# Work instructions
What you write should be the line containing "(\<forall>A. A \<in>" followed by every line after it to the end of the listing, exactly as given, and nothing more.

BEGIN

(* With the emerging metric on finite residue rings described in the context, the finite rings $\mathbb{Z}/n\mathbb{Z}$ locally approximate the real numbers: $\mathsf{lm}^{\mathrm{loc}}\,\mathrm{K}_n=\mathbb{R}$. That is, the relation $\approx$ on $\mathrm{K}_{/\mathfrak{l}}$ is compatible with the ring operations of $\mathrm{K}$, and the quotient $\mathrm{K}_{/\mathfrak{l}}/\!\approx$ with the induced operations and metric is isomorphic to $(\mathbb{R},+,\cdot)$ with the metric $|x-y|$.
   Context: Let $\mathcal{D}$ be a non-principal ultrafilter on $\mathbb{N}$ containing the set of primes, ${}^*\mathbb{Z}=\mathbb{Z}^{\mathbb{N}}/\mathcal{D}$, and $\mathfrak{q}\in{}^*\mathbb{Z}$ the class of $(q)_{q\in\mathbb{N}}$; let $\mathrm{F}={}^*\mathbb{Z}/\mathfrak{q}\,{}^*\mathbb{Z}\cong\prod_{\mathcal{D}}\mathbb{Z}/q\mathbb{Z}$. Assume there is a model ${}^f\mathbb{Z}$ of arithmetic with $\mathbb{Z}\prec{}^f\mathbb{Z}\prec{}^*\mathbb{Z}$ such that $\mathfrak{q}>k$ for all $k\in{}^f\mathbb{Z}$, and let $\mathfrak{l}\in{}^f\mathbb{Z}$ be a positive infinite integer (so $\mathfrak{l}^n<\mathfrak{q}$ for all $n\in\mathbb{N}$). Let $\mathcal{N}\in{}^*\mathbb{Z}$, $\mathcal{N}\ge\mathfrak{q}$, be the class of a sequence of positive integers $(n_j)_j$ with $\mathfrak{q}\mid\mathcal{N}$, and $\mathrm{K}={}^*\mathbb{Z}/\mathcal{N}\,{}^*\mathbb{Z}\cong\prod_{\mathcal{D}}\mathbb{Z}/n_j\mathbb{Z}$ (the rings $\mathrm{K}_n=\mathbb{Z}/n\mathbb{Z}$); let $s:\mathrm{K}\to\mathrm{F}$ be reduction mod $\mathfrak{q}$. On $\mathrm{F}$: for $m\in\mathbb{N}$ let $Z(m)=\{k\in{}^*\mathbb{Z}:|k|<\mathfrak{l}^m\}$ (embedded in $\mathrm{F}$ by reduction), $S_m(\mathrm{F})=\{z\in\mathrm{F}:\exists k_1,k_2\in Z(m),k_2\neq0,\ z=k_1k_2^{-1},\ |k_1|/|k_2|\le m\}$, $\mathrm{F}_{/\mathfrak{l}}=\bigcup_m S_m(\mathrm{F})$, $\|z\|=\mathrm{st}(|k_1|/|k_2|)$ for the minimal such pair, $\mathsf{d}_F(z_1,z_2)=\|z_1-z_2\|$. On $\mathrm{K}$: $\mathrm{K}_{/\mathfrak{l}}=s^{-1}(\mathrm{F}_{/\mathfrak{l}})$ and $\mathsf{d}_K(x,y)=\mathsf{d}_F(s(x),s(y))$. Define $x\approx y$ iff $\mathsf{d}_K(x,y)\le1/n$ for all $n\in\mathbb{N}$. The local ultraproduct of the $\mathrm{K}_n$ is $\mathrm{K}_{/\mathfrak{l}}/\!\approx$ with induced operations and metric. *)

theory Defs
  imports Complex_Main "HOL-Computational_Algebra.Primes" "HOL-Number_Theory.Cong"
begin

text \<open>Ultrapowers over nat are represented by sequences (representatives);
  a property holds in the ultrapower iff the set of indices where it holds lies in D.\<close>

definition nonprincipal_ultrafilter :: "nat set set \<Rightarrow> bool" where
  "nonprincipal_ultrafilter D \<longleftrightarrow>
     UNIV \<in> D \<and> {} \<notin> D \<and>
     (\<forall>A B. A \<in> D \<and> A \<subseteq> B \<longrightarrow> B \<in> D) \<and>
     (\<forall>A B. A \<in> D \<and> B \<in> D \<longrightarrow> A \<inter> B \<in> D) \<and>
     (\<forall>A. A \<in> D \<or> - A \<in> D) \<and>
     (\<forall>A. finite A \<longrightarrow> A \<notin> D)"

END

# Answer for this exercise
     (\<forall>A. A \<in> D \<or> - A \<in> D) \<and>
     (\<forall>A. finite A \<longrightarrow> A \<notin> D)"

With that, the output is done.